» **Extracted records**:
lemma sigma_ad_deterministic_rate:
  "\<exists>c>0. \<forall>B>0. \<forall>n\<ge>1. sigma_ad TYPE('w) n (Fclass m B :: (real^'d \<Rightarrow> real) set) logint
      \<le> ennreal (c * (B * real n powr (- (real m / real CARD('d)))))"
proof (intro exI conjI allI impI)
  define d where "d = CARD('d)"
  let ?c = "(interp_const m d + 1) * (2 * 2^m)^m"
  show "?c > 0"
    using interp_const_nonneg[of m d] by (intro mult_pos_pos) auto
  fix B :: real and n :: nat
  assume "B > 0" "n \<ge> 1"
  let ?rate = "real n powr (- (real m / real d))"
  have d: "d \<ge> 1"
    unfolding d_def by (rule card_ge_1)
  have c: "(2 * 2^m)^m \<le> ?c"
    using interp_const_nonneg[of m d] by (simp add: distrib_right)
  show "sigma_ad TYPE('w) n (Fclass m B :: (real^'d \<Rightarrow> real) set) logint \<le> ennreal (?c * (B * ?rate))"
  proof (cases "(2^m)^d \<le> n")
    case True
    then have "real (2^m) ^ d \<le> real n"
      by (metis of_nat_le_iff of_nat_power)
    then obtain K where K: "K \<ge> 1" "real ((K * 2^m) ^ d) \<le> real n"
      "(1 / real K) ^ m \<le> (2 * 2^m) ^ m * ?rate"
      using exists_grid_resolution[OF d, of "2^m" "real n" m] by auto
    have "sigma_ad TYPE('w) n (Fclass m B :: (real^'d \<Rightarrow> real) set) logint
        \<le> ennreal (interp_const m d * B * (1 / real K)^m)"
      using K(2) unfolding d_def of_nat_le_iff by (rule sigma_ad_le_grid_algorithm[OF K(1)])
    also have "interp_const m d * B * (1 / real K)^m \<le> interp_const m d * B * ((2 * 2^m)^m * ?rate)"
      using K(3) \<open>B > 0\<close> interp_const_nonneg[of m d] by (intro mult_left_mono) auto
    also have "\<dots> \<le> ?c * (B * ?rate)"
      using \<open>B > 0\<close> by (simp add: algebra_simps)
    finally show ?thesis
      by (simp add: ennreal_leI)
  next
    case False
    have "real n powr (real m / real d) \<le> (real (2^m) ^ d) powr (real m / real d)"
      using False by (intro powr_mono2) (auto simp flip: of_nat_power)
    also have "\<dots> = (2^m) ^ m"
      using d by (simp add: powr_realpow[symmetric] powr_powr)
    finally have "1 \<le> (2^m) ^ m * ?rate"
      using \<open>n \<ge> 1\<close> by (simp add: powr_minus field_simps)
    also have "\<dots> \<le> ?c * ?rate"
      using c order_trans[OF power_mono[of "(2::real)^m" "2 * 2^m" m] c]
      by (intro mult_right_mono) auto
    finally have "B \<le> ?c * (B * ?rate)"
      using \<open>B > 0\<close> by (simp add: mult_ac)
    with sigma_ad_le_bound show ?thesis
      by (rule order_trans[OF _ ennreal_leI])
  qed
qed

lemma Fclass_abs_diff_le_coord_sum:
  fixes f :: "real^'d \<Rightarrow> real"
  assumes f: "f \<in> Fclass m B" and m: "m \<ge> 1" and x: "x \<in> cube" and y: "y \<in> cube"
  shows "\<bar>f x - f y\<bar> \<le> B * (\<Sum>j\<in>UNIV. \<bar>x$j - y$j\<bar>)"
proof -
  obtain D where C: "Cm_family m f D" and bd: "\<And>is x. length is \<le> m \<Longrightarrow> x \<in> cube \<Longrightarrow> \<bar>D is x\<bar> \<le> B"
    using FclassE[OF f] by blast
  have coord: "\<bar>f (vec_upd z k s) - f (vec_upd z k t)\<bar> \<le> B * \<bar>s - t\<bar>"
    if z: "z \<in> cube" and st: "s \<in> {0..1}" "t \<in> {0..1}" for z k s t
  proof -
    have "norm (D [] (vec_upd z k s) - D [] (vec_upd z k t)) \<le> B * norm (s - t)"
    proof (rule field_differentiable_bound[where f' = "\<lambda>u. D [k] (vec_upd z k u)"])
      show "((\<lambda>u. D [] (vec_upd z k u)) has_real_derivative D [k] (vec_upd z k u)) (at u within {0..1})"
        if "u \<in> {0..1}" for u
        using has_real_derivative_vec_upd[OF C _ z that] m by simp
      show "norm (D [k] (vec_upd z k u)) \<le> B" if "u \<in> {0..1}" for u
        using bd[of "[k]"] vec_upd_in_cube[OF z that] m by simp
    qed (use st in auto)
    then show ?thesis
      using C vec_upd_in_cube[OF z] st by (simp add: Cm_family_def)
  qed
  define z where "z = (\<lambda>S. (\<chi> j. if j \<in> S then x$j else y$j) :: real^'d)"
  have z_cube: "z S \<in> cube" for S
    using x y by (auto simp: z_def mem_cube_iff)
  have "\<bar>f (z S) - f y\<bar> \<le> B * (\<Sum>j\<in>S. \<bar>x$j - y$j\<bar>)" if "finite S" for S
    using that
  proof (induction S rule: finite_induct)
    case empty
    have "z {} = y"
      by (simp add: z_def vec_eq_iff)
    then show ?case
      by simp
  next
    case (insert k S)
    have "z (insert k S) = vec_upd (z S) k (x$k)" "z S = vec_upd (z S) k (y$k)"
      using insert.hyps by (simp_all add: z_def vec_eq_iff)
    then have "\<bar>f (z (insert k S)) - f (z S)\<bar> \<le> B * \<bar>x$k - y$k\<bar>"
      using coord[OF z_cube[of S], where k = k and s = "x$k" and t = "y$k"] x y by (simp add: mem_cube_iff)
    then show ?case
      using insert by (simp add: algebra_simps)
  qed
  from this[of UNIV] show ?thesis
    by (simp add: z_def)
qed

definition cell :: "nat \<Rightarrow> real^'d \<Rightarrow> (real^'d) set" where
  "cell N y = cbox y (y + (1 / real N) *\<^sub>R 1)"

lemma mem_cell_iff: "x \<in> cell N y \<longleftrightarrow> (\<forall>j. y$j \<le> x$j \<and> x$j \<le> y$j + 1 / real N)"
  by (simp add: cell_def mem_box_cart)

lemma cell_subset_cube:
  assumes "y \<in> grid N"
  shows "cell N y \<subseteq> cube"
proof
  fix x
  assume x: "x \<in> cell N y"
  show "x \<in> cube"
    unfolding mem_cube_iff
  proof
    fix j
    have "0 \<le> y$j" "y$j + 1 / real N \<le> 1"
      using assms grid_coords_bounds by (auto simp: grid_def)
    moreover have "y$j \<le> x$j" "x$j \<le> y$j + 1 / real N"
      using x by (auto simp: mem_cell_iff)
    ultimately show "0 \<le> x$j \<and> x$j \<le> 1"
      by linarith
  qed
qed

lemma interior_cell_nonempty:
  assumes "N \<ge> 1"
  shows "interior (cell N y) \<noteq> {}"
proof -
  have "y + (1 / (2 * real N)) *\<^sub>R 1 \<in> box y (y + (1 / real N) *\<^sub>R 1)"
    using assms by (auto simp: mem_box_cart field_simps)
  then show ?thesis
    by (auto simp: cell_def interior_cbox)
qed

lemma interior_cells_disjoint:
  assumes "y \<in> grid N" "y' \<in> grid N" "y \<noteq> y'"
  shows "interior (cell N y) \<inter> interior (cell N y') = {}"
proof -
  obtain j where "y$j \<noteq> y'$j"
    using assms(3) by (auto simp: vec_eq_iff)
  moreover obtain c c' :: nat where c: "y$j = real c / real N" "y'$j = real c' / real N"
    using assms(1,2) by (force simp: grid_def grid_coords_def)
  ultimately have "real c + 1 \<le> real c' \<or> real c' + 1 \<le> real c"
    by (cases "c < c'") auto
  then have sep: "y$j + 1 / real N \<le> y'$j \<or> y'$j + 1 / real N \<le> y$j"
    unfolding c add_divide_distrib[symmetric] by (auto intro: divide_right_mono)
  show ?thesis
  proof (rule ccontr)
    assume "interior (cell N y) \<inter> interior (cell N y') \<noteq> {}"
    then obtain x where "x \<in> box y (y + (1 / real N) *\<^sub>R 1)" "x \<in> box y' (y' + (1 / real N) *\<^sub>R 1)"
      by (auto simp: cell_def interior_cbox)
    then have "y$j < x$j" "x$j < y$j + 1 / real N" "y'$j < x$j" "x$j < y'$j + 1 / real N"
      by (auto simp: mem_box_cart)
    with sep show False
      by linarith
  qed
qed

lemma inj_on_cell:
  assumes "N \<ge> 1"
  shows "inj_on (cell N) (grid N)"
proof (rule inj_onI, rule ccontr)
  fix y y'
  assume "y \<in> grid N" "y' \<in> grid N" "cell N y = cell N y'" "y \<noteq> y'"
  then have "interior (cell N y) = {}"
    using interior_cells_disjoint by fastforce
  then show False
    using interior_cell_nonempty[OF assms] by blast
qed

lemma cube_subset_cells:
  fixes x :: "real^'d"
  assumes "N \<ge> 1" "x \<in> cube"
  shows "\<exists>y\<in>grid N. x \<in> cell N y"
proof -
  have "\<forall>j. \<exists>c. c < N \<and> real c \<le> real N * x$j \<and> real N * x$j \<le> real c + 1"
    using exists_grid_interval[OF assms(1)] assms(2) by (auto simp: mem_cube_iff)
  then obtain c :: "'d \<Rightarrow> nat"
    where c: "\<And>j. c j < N \<and> real (c j) \<le> real N * x$j \<and> real N * x$j \<le> real (c j) + 1"
    by metis
  have "real N > 0"
    using assms(1) by simp
  then have "(\<chi> j. real (c j) / real N) \<in> grid N" "x \<in> cell N (\<chi> j. real (c j) / real N)"
    using c by (auto simp: grid_def grid_coords_def mem_cell_iff field_simps)
  then show ?thesis
    by blast
qed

» **Exercise requirements**: The answer should be all lines from the entries above that hold the word "also".

» **Solution to this task**:
    also have "interp_const m d * B * (1 / real K)^m \<le> interp_const m d * B * ((2 * 2^m)^m * ?rate)"
    also have "\<dots> \<le> ?c * (B * ?rate)"
    also have "\<dots> = (2^m) ^ m"
    also have "\<dots> \<le> ?c * ?rate"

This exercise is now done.